• **Problem**: For the records that follow, give the number of lines containing the word "linarith", with no added text.

• **Available records**:
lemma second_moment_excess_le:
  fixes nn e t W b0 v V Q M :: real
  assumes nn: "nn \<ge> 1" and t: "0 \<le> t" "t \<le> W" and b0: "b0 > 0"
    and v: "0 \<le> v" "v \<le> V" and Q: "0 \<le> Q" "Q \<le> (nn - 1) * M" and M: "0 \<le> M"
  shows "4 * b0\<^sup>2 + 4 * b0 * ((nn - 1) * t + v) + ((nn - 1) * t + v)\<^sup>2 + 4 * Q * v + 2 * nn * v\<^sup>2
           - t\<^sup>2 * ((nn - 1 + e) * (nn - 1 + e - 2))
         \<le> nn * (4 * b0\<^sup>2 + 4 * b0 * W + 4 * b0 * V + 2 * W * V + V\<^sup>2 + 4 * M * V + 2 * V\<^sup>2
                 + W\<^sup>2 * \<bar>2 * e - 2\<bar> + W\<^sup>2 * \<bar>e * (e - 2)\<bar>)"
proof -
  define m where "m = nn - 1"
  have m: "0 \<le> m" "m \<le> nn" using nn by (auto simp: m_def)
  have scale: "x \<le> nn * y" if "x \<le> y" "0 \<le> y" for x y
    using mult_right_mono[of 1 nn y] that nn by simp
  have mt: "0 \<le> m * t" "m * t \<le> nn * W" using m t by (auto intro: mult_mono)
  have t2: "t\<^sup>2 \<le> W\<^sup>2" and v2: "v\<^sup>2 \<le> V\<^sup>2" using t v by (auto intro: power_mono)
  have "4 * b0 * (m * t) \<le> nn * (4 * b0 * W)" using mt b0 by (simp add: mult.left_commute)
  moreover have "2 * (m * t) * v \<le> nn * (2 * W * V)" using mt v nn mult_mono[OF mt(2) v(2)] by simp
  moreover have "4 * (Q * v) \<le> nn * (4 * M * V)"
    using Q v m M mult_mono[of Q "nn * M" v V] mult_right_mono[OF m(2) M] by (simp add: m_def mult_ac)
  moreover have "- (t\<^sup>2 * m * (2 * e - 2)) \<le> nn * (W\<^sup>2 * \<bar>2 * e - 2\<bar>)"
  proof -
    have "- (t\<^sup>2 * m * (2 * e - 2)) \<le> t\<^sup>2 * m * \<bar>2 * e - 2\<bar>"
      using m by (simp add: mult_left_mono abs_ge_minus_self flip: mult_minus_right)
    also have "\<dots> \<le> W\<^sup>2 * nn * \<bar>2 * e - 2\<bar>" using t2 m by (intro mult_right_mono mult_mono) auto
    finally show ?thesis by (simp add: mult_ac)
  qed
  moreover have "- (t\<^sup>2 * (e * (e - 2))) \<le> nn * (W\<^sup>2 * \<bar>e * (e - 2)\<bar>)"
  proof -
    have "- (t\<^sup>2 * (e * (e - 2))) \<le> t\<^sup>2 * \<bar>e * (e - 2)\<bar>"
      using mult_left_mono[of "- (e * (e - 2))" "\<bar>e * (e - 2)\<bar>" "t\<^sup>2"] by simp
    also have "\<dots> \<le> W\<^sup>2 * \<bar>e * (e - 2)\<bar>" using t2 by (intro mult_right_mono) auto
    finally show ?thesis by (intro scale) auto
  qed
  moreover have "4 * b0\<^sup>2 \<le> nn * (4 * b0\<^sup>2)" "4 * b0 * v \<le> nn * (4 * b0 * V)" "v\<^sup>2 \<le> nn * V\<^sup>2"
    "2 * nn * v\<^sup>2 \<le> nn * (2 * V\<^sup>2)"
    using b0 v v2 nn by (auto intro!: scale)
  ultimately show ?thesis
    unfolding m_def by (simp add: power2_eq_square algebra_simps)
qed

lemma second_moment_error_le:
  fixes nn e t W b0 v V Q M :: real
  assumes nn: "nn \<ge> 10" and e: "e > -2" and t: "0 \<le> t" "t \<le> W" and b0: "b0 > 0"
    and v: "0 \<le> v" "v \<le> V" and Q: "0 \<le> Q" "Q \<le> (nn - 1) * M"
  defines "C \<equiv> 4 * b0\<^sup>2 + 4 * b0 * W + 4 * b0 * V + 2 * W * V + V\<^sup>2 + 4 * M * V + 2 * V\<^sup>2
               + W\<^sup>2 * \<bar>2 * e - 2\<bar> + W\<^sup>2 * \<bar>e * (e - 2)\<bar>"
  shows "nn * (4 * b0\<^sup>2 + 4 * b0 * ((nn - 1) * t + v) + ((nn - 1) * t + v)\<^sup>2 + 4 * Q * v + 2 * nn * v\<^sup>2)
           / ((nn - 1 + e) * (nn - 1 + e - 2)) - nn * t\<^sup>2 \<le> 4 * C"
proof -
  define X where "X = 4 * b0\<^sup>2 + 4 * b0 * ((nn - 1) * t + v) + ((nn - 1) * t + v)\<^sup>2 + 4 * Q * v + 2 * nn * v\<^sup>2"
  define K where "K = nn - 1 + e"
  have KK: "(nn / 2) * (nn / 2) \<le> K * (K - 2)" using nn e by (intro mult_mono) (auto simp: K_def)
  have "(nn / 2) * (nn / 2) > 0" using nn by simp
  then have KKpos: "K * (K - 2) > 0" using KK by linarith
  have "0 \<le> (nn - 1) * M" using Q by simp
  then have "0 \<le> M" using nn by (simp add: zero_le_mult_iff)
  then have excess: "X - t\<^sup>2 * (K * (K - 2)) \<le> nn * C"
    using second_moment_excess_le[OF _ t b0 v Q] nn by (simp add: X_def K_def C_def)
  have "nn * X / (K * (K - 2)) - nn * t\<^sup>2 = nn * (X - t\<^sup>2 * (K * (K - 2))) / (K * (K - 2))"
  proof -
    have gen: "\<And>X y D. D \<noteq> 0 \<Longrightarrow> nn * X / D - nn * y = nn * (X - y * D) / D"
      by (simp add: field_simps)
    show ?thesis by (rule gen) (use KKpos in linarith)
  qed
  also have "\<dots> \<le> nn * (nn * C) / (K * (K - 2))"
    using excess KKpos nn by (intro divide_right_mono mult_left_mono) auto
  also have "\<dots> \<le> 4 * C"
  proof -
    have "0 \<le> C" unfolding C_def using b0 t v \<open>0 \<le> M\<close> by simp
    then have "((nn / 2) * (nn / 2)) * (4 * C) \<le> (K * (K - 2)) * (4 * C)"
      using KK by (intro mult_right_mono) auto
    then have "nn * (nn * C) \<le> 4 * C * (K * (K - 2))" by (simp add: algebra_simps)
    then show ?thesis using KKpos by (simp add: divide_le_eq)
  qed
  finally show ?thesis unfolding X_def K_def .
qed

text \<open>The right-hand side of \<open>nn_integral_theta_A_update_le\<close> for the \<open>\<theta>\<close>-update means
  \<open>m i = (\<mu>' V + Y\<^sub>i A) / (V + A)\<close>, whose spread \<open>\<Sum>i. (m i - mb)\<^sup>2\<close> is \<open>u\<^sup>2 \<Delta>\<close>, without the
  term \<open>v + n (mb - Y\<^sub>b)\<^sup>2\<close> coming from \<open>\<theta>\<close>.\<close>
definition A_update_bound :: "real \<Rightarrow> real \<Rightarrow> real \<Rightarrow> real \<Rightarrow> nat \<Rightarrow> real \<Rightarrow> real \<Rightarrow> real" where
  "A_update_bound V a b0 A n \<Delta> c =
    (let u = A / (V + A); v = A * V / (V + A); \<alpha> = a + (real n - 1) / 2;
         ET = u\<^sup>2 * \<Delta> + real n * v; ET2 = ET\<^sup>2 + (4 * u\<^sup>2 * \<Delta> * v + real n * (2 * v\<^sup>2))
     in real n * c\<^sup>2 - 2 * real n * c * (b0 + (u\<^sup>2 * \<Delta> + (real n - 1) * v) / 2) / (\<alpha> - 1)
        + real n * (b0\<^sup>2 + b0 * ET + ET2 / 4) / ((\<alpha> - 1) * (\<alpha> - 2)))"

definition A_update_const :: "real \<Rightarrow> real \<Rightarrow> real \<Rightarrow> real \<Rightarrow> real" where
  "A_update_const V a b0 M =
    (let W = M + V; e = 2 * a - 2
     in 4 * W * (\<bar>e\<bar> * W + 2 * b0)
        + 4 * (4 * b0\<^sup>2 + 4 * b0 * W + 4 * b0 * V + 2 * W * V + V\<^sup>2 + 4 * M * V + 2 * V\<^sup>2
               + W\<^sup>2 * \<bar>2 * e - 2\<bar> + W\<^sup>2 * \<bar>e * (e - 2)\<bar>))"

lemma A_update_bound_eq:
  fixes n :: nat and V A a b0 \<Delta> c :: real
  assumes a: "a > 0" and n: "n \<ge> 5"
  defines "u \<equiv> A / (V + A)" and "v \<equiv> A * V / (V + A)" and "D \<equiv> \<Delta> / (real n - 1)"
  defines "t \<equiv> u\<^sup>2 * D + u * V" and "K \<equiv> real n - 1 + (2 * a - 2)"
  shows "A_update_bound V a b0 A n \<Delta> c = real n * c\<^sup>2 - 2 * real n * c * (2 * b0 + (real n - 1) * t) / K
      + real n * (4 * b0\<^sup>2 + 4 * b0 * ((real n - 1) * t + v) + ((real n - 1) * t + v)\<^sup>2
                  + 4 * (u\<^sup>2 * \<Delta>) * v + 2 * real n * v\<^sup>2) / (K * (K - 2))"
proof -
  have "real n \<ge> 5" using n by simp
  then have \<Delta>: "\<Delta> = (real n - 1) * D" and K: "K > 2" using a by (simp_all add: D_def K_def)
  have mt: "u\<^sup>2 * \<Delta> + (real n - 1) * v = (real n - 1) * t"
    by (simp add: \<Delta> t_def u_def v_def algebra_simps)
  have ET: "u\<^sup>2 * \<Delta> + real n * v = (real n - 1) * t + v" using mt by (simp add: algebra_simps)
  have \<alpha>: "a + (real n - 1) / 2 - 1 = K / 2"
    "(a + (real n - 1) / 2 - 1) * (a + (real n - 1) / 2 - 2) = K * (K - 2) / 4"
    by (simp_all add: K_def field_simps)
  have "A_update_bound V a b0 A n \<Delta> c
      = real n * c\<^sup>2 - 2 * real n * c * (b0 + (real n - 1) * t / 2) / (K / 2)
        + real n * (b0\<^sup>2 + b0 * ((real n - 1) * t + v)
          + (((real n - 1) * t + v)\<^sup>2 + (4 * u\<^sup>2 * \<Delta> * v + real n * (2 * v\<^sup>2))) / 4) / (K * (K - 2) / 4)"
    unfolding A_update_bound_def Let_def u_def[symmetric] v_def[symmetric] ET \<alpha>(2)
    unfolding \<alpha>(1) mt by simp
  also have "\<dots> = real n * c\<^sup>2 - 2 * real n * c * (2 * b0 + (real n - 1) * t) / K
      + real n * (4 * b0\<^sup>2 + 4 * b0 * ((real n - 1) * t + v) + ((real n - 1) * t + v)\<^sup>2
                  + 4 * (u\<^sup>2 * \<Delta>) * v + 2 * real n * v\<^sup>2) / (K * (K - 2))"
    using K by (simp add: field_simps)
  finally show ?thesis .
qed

• **Answer section**: 2